START Data for this exercise

definition conn_sum :: "('a,'c) ring_scheme \<Rightarrow> ('b,'d) ring_scheme \<Rightarrow> ('e,'f) ring_scheme
    \<Rightarrow> ('a \<Rightarrow> 'e) \<Rightarrow> ('b \<Rightarrow> 'e) \<Rightarrow> 'v set \<Rightarrow> ('v \<Rightarrow> 'a) \<Rightarrow> ('v \<Rightarrow> 'b) \<Rightarrow> ('a \<times> 'b) set ring" where
  "conn_sum A B C eA eB V iA iB = fiber_prod A B C eA eB Quot {(iA v, iB v) | v. v \<in> V}"

end

theory Submission
  imports Defs
begin

text \<open>Put \<open>U = (u)P\<close> and \<open>T_i = I_{K_i} + U\<close>. Because \<open>W = K_1 \<inter> K_2\<close> we have
  \<open>I_W = I_{K_1} + I_{K_2}\<close>, so \<open>p \<mapsto> (p + T_1, p + T_2)\<close> maps \<open>P\<close> onto the fibre product of
  the \<open>P/T_i\<close> over \<open>P/(I_W + U)\<close>, with kernel \<open>T_1 \<inter> T_2\<close>. Vanishing of \<open>Tor_1(\<int>[W])\<close> says
  that every Koszul cycle with coefficients in \<open>I_W\<close> is a boundary; this splits each element of
  \<open>U \<inter> (I_{K_1} + I_{K_2})\<close> into elements of \<open>U \<inter> I_{K_i}\<close>, whence
  \<open>T_1 \<inter> T_2 = (I_{K_1} \<inter> I_{K_2}) + U = I_{K_1 \<union> K_2} + U\<close>. Since \<open>I_K = I_Z + I_{K_1 \<union> K_2}\<close>,
  dividing the fibre product by the image of \<open>I_K\<close>, which is the image of \<open>Tor_0(I_Z)\<close>,
  gives \<open>P/(I_K + U) = Tor_0(\<int>[K])\<close>.\<close>

lemma (in ring_hom_ring) img_ideal:
  assumes surj: "h ` carrier R = carrier S" and I: "ideal I R"
  shows "ideal (h ` I) S"
proof -
  interpret I: ideal I R by (rule I)
  show ?thesis
  proof (rule idealI[OF S.ring_axioms])
    show "subgroup (h ` I) (add_monoid S)"
    proof (rule S.add.subgroupI)
      show "h ` I \<subseteq> carrier S" using I.Icarr by auto
      show "h ` I \<noteq> {}" using I.zero_closed by blast
      show "\<ominus>\<^bsub>S\<^esub> a \<in> h ` I" if "a \<in> h ` I" for a
        using that I.Icarr by (auto intro!: image_eqI[of _ h "\<ominus> _"] simp: hom_a_inv)
      show "a \<oplus>\<^bsub>S\<^esub> b \<in> h ` I" if ab: "a \<in> h ` I" "b \<in> h ` I" for a b
      proof -
        obtain i j where "i \<in> I" "a = h i" "j \<in> I" "b = h j" using ab by auto
        then show ?thesis using I.Icarr by (auto intro!: image_eqI[of _ h "i \<oplus> j"])
      qed
    qed
    show "x \<otimes>\<^bsub>S\<^esub> a \<in> h ` I" if ax: "a \<in> h ` I" "x \<in> carrier S" for a x
    proof -
      obtain i r where "i \<in> I" "a = h i" "r \<in> carrier R" "x = h r"
        using ax unfolding surj[symmetric] by blast
      then show ?thesis using I.Icarr I.I_l_closed by (auto intro!: image_eqI[of _ h "r \<otimes> i"])
    qed
    show "a \<otimes>\<^bsub>S\<^esub> x \<in> h ` I" if ax: "a \<in> h ` I" "x \<in> carrier S" for a x
    proof -
      obtain i r where "i \<in> I" "a = h i" "r \<in> carrier R" "x = h r"
        using ax unfolding surj[symmetric] by blast
      then show ?thesis using I.Icarr I.I_r_closed by (auto intro!: image_eqI[of _ h "i \<otimes> r"])
    qed
  qed
qed

lemma (in ring_hom_ring) img_mem_iff_set_add_kernel:
  assumes J: "ideal J R" and r: "r \<in> carrier R"
  shows "h r \<in> h ` J \<longleftrightarrow> r \<in> J <+>\<^bsub>R\<^esub> a_kernel R S h"
proof -
  interpret J: ideal J R by (rule J)
  show ?thesis
  proof
    assume "h r \<in> h ` J"
    then obtain j where j: "j \<in> J" "h r = h j" by auto
    have "h (r \<ominus> j) = h j \<oplus>\<^bsub>S\<^esub> \<ominus>\<^bsub>S\<^esub> h j"
      using r J.Icarr j by (simp add: R.minus_eq)
    also have "\<dots> = \<zero>\<^bsub>S\<^esub>" using S.r_neg[OF hom_closed[OF J.Icarr[OF j(1)]]] .
    finally have "r \<ominus> j \<in> a_kernel R S h"
      using R.minus_closed[OF r J.Icarr[OF j(1)]] unfolding a_kernel_def' by blast
    moreover have "r = j \<oplus> (r \<ominus> j)"
    proof -
      have "r \<ominus> j = \<ominus> j \<oplus> r" using r J.Icarr[OF j(1)] by (simp add: R.minus_eq R.add.m_comm)
      then show ?thesis using R.r_neg2[OF J.Icarr[OF j(1)] r] by simp
    qed
    ultimately show "r \<in> J <+>\<^bsub>R\<^esub> a_kernel R S h"
      using j(1) unfolding set_add_def' by blast
  next
    assume "r \<in> J <+>\<^bsub>R\<^esub> a_kernel R S h"
    then obtain j k where j: "j \<in> J" and k: "k \<in> carrier R" "h k = \<zero>\<^bsub>S\<^esub>" and "r = j \<oplus> k"
      unfolding set_add_def' a_kernel_def' by blast
    have "h r = h j \<oplus>\<^bsub>S\<^esub> h k" using J.Icarr[OF j] k(1) \<open>r = j \<oplus> k\<close> by simp
    then have "h r = h j" using J.Icarr[OF j] k(2) by simp
    then show "h r \<in> h ` J" using j by blast
  qed
qed

lemma (in ring_hom_ring) FactRing_iso_Quot_img:
  assumes surj: "h ` carrier R = carrier S" and J: "ideal J R"
  shows "R Quot (J <+>\<^bsub>R\<^esub> a_kernel R S h) \<simeq> S Quot (h ` J)"
proof -
  interpret J: ideal J R by (rule J)
  interpret hJ: ideal "h ` J" S by (rule img_ideal[OF surj J])
  define g where "g = (\<lambda>s. h ` J +>\<^bsub>S\<^esub> s) \<circ> h"
  have g_hom: "g \<in> ring_hom R (S Quot h ` J)"
    unfolding g_def by (rule ring_hom_trans[OF homh hJ.rcos_ring_hom])
  interpret G: ring_hom_ring R "S Quot h ` J" g
    by (rule ring_hom_ringI2[OF R.ring_axioms hJ.quotient_is_ring g_hom])
  have g_surj: "g ` carrier R = carrier (S Quot h ` J)"
  proof -
    have "carrier (S Quot h ` J) = (\<lambda>s. h ` J +>\<^bsub>S\<^esub> s) ` carrier S"
      by (auto simp: FactRing_def A_RCOSETS_def')
    then show ?thesis unfolding g_def image_comp[symmetric] surj ..
  qed
  have g_zero: "g r = \<zero>\<^bsub>S Quot h ` J\<^esub> \<longleftrightarrow> h r \<in> h ` J" if r: "r \<in> carrier R" for r
  proof -
    have "g r = \<zero>\<^bsub>S Quot h ` J\<^esub> \<longleftrightarrow> h ` J +>\<^bsub>S\<^esub> h r = h ` J"
      unfolding g_def FactRing_def by simp
    moreover have "h r \<in> carrier S" using r by (rule hom_closed)
    ultimately show ?thesis
      using hJ.rcos_const_imp_mem[of "h r"] S.a_rcos_zero[OF hJ.is_ideal, of "h r"] by blast
  qed
  have "a_kernel R S h \<subseteq> carrier R" unfolding a_kernel_def' by blast
  then have J_ker_carr: "J <+>\<^bsub>R\<^esub> a_kernel R S h \<subseteq> carrier R"
    by (rule R.set_add_closed[OF J.a_subset])
  have "a_kernel R (S Quot h ` J) g = J <+>\<^bsub>R\<^esub> a_kernel R S h"
  proof (intro equalityI subsetI)
    fix r assume "r \<in> a_kernel R (S Quot h ` J) g"
    then show "r \<in> J <+>\<^bsub>R\<^esub> a_kernel R S h"
      using g_zero img_mem_iff_set_add_kernel[OF J] unfolding a_kernel_def' by blast
  next
    fix r assume "r \<in> J <+>\<^bsub>R\<^esub> a_kernel R S h"
    moreover from this have "r \<in> carrier R" using J_ker_carr by blast
    ultimately show "r \<in> a_kernel R (S Quot h ` J) g"
      using g_zero img_mem_iff_set_add_kernel[OF J] unfolding a_kernel_def' by blast
  qed
  then show ?thesis using G.FactRing_iso[OF g_surj] by simp
qed

lemma PR_simps [simp]:
  "carrier PR = UNIV" "mult PR = (*)" "one PR = 1" "zero PR = 0" "add PR = (+)"
  by (simp_all add: PR_def)

lemma cring_PR: "cring PR"
proof (rule cringI)
  show "abelian_group PR"
    by (rule abelian_groupI) (simp_all add: algebra_simps, metis add.right_inverse)
  show "comm_monoid PR"
    by (rule comm_monoidI) (simp_all add: algebra_simps)
  show "(x \<oplus>\<^bsub>PR\<^esub> y) \<otimes>\<^bsub>PR\<^esub> z = x \<otimes>\<^bsub>PR\<^esub> z \<oplus>\<^bsub>PR\<^esub> y \<otimes>\<^bsub>PR\<^esub> z" for x y z
    by (simp add: algebra_simps)
qed

interpretation P: cring PR by (rule cring_PR)

lemma PR_a_inv [simp]: "\<ominus>\<^bsub>PR\<^esub> x = - x"
  by (metis P.add.inv_equality PR_simps(1,4,5) UNIV_I add.commute add.right_inverse)

lemma PR_rcos: "H +>\<^bsub>PR\<^esub> a = {h + a | h. h \<in> H}"
  by (auto simp: a_r_coset_def r_coset_def)

lemma set_add_PR: "A <+>\<^bsub>PR\<^esub> B = setsum A B"
  by (auto simp: set_add_def' setsum_def)

lemma ideal_PR_I:
  assumes "0 \<in> I" "\<And>x y. x \<in> I \<Longrightarrow> y \<in> I \<Longrightarrow> x + y \<in> I" "\<And>x. x \<in> I \<Longrightarrow> - x \<in> I"
    "\<And>x y. x \<in> I \<Longrightarrow> y * x \<in> I"
  shows "ideal I PR"
proof (rule idealI)
  show "ring PR" by (rule P.ring_axioms)
  show "subgroup I (add_monoid PR)"
    by (rule P.add.subgroupI) (use assms in auto)
  show "x \<otimes>\<^bsub>PR\<^esub> a \<in> I" "a \<otimes>\<^bsub>PR\<^esub> x \<in> I" if "a \<in> I" for a x
    using assms that by (simp_all add: mult.commute)
qed

context
  fixes I :: "'n mpoly set"
  assumes I: "ideal I PR"
begin

lemma ideal_PR_zero: "0 \<in> I"
  using additive_subgroup.zero_closed[of I PR] ideal.axioms(1)[OF I] by simp

lemma ideal_PR_add: "x \<in> I \<Longrightarrow> y \<in> I \<Longrightarrow> x + y \<in> I"
  using additive_subgroup.a_closed[of I PR] ideal.axioms(1)[OF I] by simp

lemma ideal_PR_uminus: "x \<in> I \<Longrightarrow> - x \<in> I"
  using additive_subgroup.a_inv_closed[of I PR] ideal.axioms(1)[OF I] by simp

lemma ideal_PR_diff: "x \<in> I \<Longrightarrow> y \<in> I \<Longrightarrow> x - y \<in> I"
  using ideal_PR_add ideal_PR_uminus by (metis diff_conv_add_uminus)

lemma ideal_PR_mult_left: "x \<in> I \<Longrightarrow> y * x \<in> I"
  using ideal.I_l_closed[OF I, of x y] by simp

lemma ideal_PR_sum: "(\<And>x. x \<in> S \<Longrightarrow> f x \<in> I) \<Longrightarrow> sum f S \<in> I"
  by (induction S rule: infinite_finite_induct) (auto simp: ideal_PR_zero ideal_PR_add)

END Data for this exercise

Your assignment:
The lines from the start of the entries above through the line containing "obtain i j where" are the ones to return, please; copy them exactly and include both ends.

Result of this exercise:
definition conn_sum :: "('a,'c) ring_scheme \<Rightarrow> ('b,'d) ring_scheme \<Rightarrow> ('e,'f) ring_scheme
    \<Rightarrow> ('a \<Rightarrow> 'e) \<Rightarrow> ('b \<Rightarrow> 'e) \<Rightarrow> 'v set \<Rightarrow> ('v \<Rightarrow> 'a) \<Rightarrow> ('v \<Rightarrow> 'b) \<Rightarrow> ('a \<times> 'b) set ring" where
  "conn_sum A B C eA eB V iA iB = fiber_prod A B C eA eB Quot {(iA v, iB v) | v. v \<in> V}"

end

theory Submission
  imports Defs
begin

text \<open>Put \<open>U = (u)P\<close> and \<open>T_i = I_{K_i} + U\<close>. Because \<open>W = K_1 \<inter> K_2\<close> we have
  \<open>I_W = I_{K_1} + I_{K_2}\<close>, so \<open>p \<mapsto> (p + T_1, p + T_2)\<close> maps \<open>P\<close> onto the fibre product of
  the \<open>P/T_i\<close> over \<open>P/(I_W + U)\<close>, with kernel \<open>T_1 \<inter> T_2\<close>. Vanishing of \<open>Tor_1(\<int>[W])\<close> says
  that every Koszul cycle with coefficients in \<open>I_W\<close> is a boundary; this splits each element of
  \<open>U \<inter> (I_{K_1} + I_{K_2})\<close> into elements of \<open>U \<inter> I_{K_i}\<close>, whence
  \<open>T_1 \<inter> T_2 = (I_{K_1} \<inter> I_{K_2}) + U = I_{K_1 \<union> K_2} + U\<close>. Since \<open>I_K = I_Z + I_{K_1 \<union> K_2}\<close>,
  dividing the fibre product by the image of \<open>I_K\<close>, which is the image of \<open>Tor_0(I_Z)\<close>,
  gives \<open>P/(I_K + U) = Tor_0(\<int>[K])\<close>.\<close>

lemma (in ring_hom_ring) img_ideal:
  assumes surj: "h ` carrier R = carrier S" and I: "ideal I R"
  shows "ideal (h ` I) S"
proof -
  interpret I: ideal I R by (rule I)
  show ?thesis
  proof (rule idealI[OF S.ring_axioms])
    show "subgroup (h ` I) (add_monoid S)"
    proof (rule S.add.subgroupI)
      show "h ` I \<subseteq> carrier S" using I.Icarr by auto
      show "h ` I \<noteq> {}" using I.zero_closed by blast
      show "\<ominus>\<^bsub>S\<^esub> a \<in> h ` I" if "a \<in> h ` I" for a
        using that I.Icarr by (auto intro!: image_eqI[of _ h "\<ominus> _"] simp: hom_a_inv)
      show "a \<oplus>\<^bsub>S\<^esub> b \<in> h ` I" if ab: "a \<in> h ` I" "b \<in> h ` I" for a b
      proof -
        obtain i j where "i \<in> I" "a = h i" "j \<in> I" "b = h j" using ab by auto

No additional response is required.